MP_regression <- plm(operating_exp ~ HHI + rate + rate_lag1 + rate_lag2 +
HHI*rate + HHI*rate_lag1 + HHI*lag2,
data = market_power_merged, effect = "individual",
model = "within", index = c("firm", "date"))
当我们这样使用fitted(MP_regression)
时:
fitted_values <- fitted(MP_regression)
那么它产生的拟合值少于回归输入数据中的观察值。所以我们想按日期和公司将它们添加回 market_power_merged
数据框。由于拟合值较少(fitted()
函数出于某种原因产生),按日期和公司进行匹配很重要,这样我们就可以看到哪些观察值被排除在拟合函数中,或者删除那些拟合函数不产生值。
本质上我们想要:
market_power_merged <- mutate(fitted_values = fitted(MP_regression)
并按公司(个人)和日期(时间)匹配。
显然,fitted()
的 return 带有一个 index 属性,它是用于拟合值的面板组的数据框。因此,考虑将 index 属性上的 cbind
设置为拟合值,然后 运行 left_join
或 merge
(使用 all.x=TRUE
) 在原始数据框上:
fitted_values_vec <- fitted(MP_regression)
fitted_values_df <- cbind(attr(fitted_values_vec, "index"),
fitted_values = fitted_values_vec)
Produc <- base::merge(Produc, fit_values, by=c("firm", "date"), all.x=TRUE)
# Produc <- dplyr::left_join(Produc, fit_values, by=c("firm", "date"))
为了演示内置的plm
数据框,Produc:
data("Produc", package = "plm")
# ASSIGN RANDOM NAs ACROSS NON-PANEL COLUMNS
set.seed(41120)
for(col in names(Produc)[!names(Produc) %in% c("state", "year")]) {
Produc[sample(nrow(Produc), 50), col] <- NA
}
results <- plm(log(gsp) ~ log(pcap) + log(pc) + log(emp) + unemp,
data = Produc, index = c("state","year"))
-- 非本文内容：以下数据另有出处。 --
text \<open>A stationary policy is represented by its discounted state-action occupation measure. The
  utilitarian value is a linear function of it, and the feasible occupation measures (solutions of
  the discounted balance equations) form a compact set, so a maximiser exists. By the symmetry of
  the model, permuting the sub-MDPs maps feasible measures to feasible measures with the same
  utilitarian value; averaging a maximiser over all permutations yields a symmetric maximiser, whose
  induced policy is permutation invariant. Such a policy gives every sub-MDP the same value, so its
  GGF equals the mean of its values for every weight vector. Conversely, for any policy the GGF is at
  most the mean of its values (average over the cyclic shifts), and the mean is at most the optimal
  utilitarian value.\<close>

lemma length_perm_list [simp]: "length (perm_list \<sigma> v) = length v"
  by (simp add: perm_list_def)

lemma nth_perm_list [simp]: "n < length v \<Longrightarrow> perm_list \<sigma> v ! n = v ! \<sigma> n"
  by (simp add: perm_list_def)

lemma perm_list_id [simp]: "perm_list id v = v"
  by (simp add: perm_list_def map_nth)

lemma perm_list_perm_list:
  assumes "\<sigma> permutes {..<length v}"
  shows "perm_list \<sigma> (perm_list \<tau> v) = perm_list (\<tau> \<circ> \<sigma>) v"
proof (rule nth_equalityI)
  fix n assume "n < length (perm_list \<sigma> (perm_list \<tau> v))"
  then have "n < length v" "\<sigma> n < length v"
    using permutes_in_image[OF assms] by auto
  then show "perm_list \<sigma> (perm_list \<tau> v) ! n = perm_list (\<tau> \<circ> \<sigma>) v ! n"
    by simp
qed simp

lemma perm_list_inv_cancel:
  assumes "\<sigma> permutes {..<length v}"
  shows "perm_list (inv \<sigma>) (perm_list \<sigma> v) = v" "perm_list \<sigma> (perm_list (inv \<sigma>) v) = v"
  using perm_list_perm_list[OF permutes_inv[OF assms], of \<sigma>] perm_list_perm_list[OF assms, of "inv \<sigma>"]
    permutes_inv_o[OF assms] by simp_all

lemma bij_betw_perm_list:
  assumes "\<sigma> permutes {..<N}" and "\<And>v. v \<in> X \<Longrightarrow> length v = N"
    and "\<And>v. length v = N \<Longrightarrow> perm_list \<sigma> v \<in> X \<longleftrightarrow> v \<in> X"
  shows "bij_betw (perm_list \<sigma>) X X"
proof (rule bij_betw_byWitness[where f'="perm_list (inv \<sigma>)"])
  have cancel: "perm_list (inv \<sigma>) (perm_list \<sigma> v) = v" "perm_list \<sigma> (perm_list (inv \<sigma>) v) = v"
    if "length v = N" for v
    using perm_list_inv_cancel[of \<sigma> v] assms(1) that by simp_all
  then show "\<forall>v\<in>X. perm_list (inv \<sigma>) (perm_list \<sigma> v) = v" "\<forall>v\<in>X. perm_list \<sigma> (perm_list (inv \<sigma>) v) = v"
    using assms(2) by auto
  show "perm_list \<sigma> ` X \<subseteq> X"
    using assms(2,3) by auto
  show "perm_list (inv \<sigma>) ` X \<subseteq> X"
    using assms(2,3) cancel(2) by (metis image_subsetI length_perm_list)
qed
lemma closed_walk_separates:
  assumes \<sigma>: "\<sigma> \<noteq> []" "successively grid_adj \<sigma>" "set \<sigma> \<inter> S = {}"
    and W: "W \<noteq> []" "successively grid_adj W" "hd W = last \<sigma>" "last W = hd \<sigma>"
    and W_no_crossing: "successively (\<lambda>a b. \<not> crosses_ray p a b \<and> \<not> crosses_ray p' a b) W"
    and boundary: "\<And>a b. grid_adj a b \<Longrightarrow> a \<notin> S \<Longrightarrow> b \<notin> S \<Longrightarrow>
      (crosses_ray p a b \<noteq> crosses_ray p' a b) = ((a \<in> X) \<noteq> (b \<in> X))"
    and ends: "(hd \<sigma> \<in> X) \<noteq> (last \<sigma> \<in> X)"
  shows "\<not> grid_reach (- (set \<sigma> \<union> set W)) p p'"
proof
  assume reach: "grid_reach (- (set \<sigma> \<union> set W)) p p'"
  (* W crosses neither ray, and along sigma the two crossing parities differ by the parity of
     the number of times sigma crosses the boundary of X, which is odd. *)
  define D where "D = \<sigma> @ tl W"
  have "closed_walk D"
    using \<sigma> W by (simp add: closed_walk_def D_def successively_append_tl last_append_tl)
  moreover have "grid_reach (- set D) p p'"
    using reach by (rule grid_reach_mono) (use W(1) in \<open>auto simp: D_def dest: list.set_sel(2)\<close>)
  ultimately have "winding_odd D p = winding_odd D p'" by (rule winding_odd_grid_reach)
  moreover have "\<not> odd_steps (crosses_ray p) W" "\<not> odd_steps (crosses_ray p') W"
    by (rule odd_steps_False, rule successively_mono[OF W_no_crossing], simp)+
  ultimately show False
    using odd_steps_crosses_ray_diff[OF \<sigma> boundary] ends
    unfolding winding_odd_def D_def odd_steps_append_tl[OF \<sigma>(1) W(3)] by auto
qed

definition row_walk :: "int \<Rightarrow> int \<Rightarrow> int \<Rightarrow> node list" where
  "row_walk r a b = map (\<lambda>y. (y, r)) [a..b]"

lemma row_walk_simps:
  assumes "a \<le> b"
  shows "row_walk r a b \<noteq> []" "hd (row_walk r a b) = (a, r)" "last (row_walk r a b) = (b, r)"
    "set (row_walk r a b) = {a..b} \<times> {r}"
  using assms by (auto simp: row_walk_def hd_map last_map hd_conv_nth last_conv_nth)

lemma successively_row_walk:
  "successively (\<lambda>u v. grid_adj u v \<and> \<not> crosses_ray p u v \<and> \<not> crosses_ray p' u v) (row_walk r a b)"
  unfolding row_walk_def successively_map
  by (rule successively_mono[OF successively_upto]) (simp add: grid_adj_iff crosses_ray_rows)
fitted_values_vec <- fitted(results)
str(fitted_values_vec)
# 'pseries' Named num [1:588] -0.2459 -0.2274 -0.0927 -0.0981 -0.0184 ...
# - attr(*, "names")= chr [1:588] "ALABAMA" "ALABAMA" "ALABAMA" "ALABAMA" ...
# - attr(*, "index")=Classes ‘pindex’ and 'data.frame': 588 obs. of 2 variables:
# ..$ state: Factor w/ 48 levels "ALABAMA","ARIZONA",..: 1 1 1 1 1 1 1 1 1 1 ...
# ..$ year : Factor w/ 17 levels "1970","1971",..: 1 2 5 6 7 8 9 10 12 13 ...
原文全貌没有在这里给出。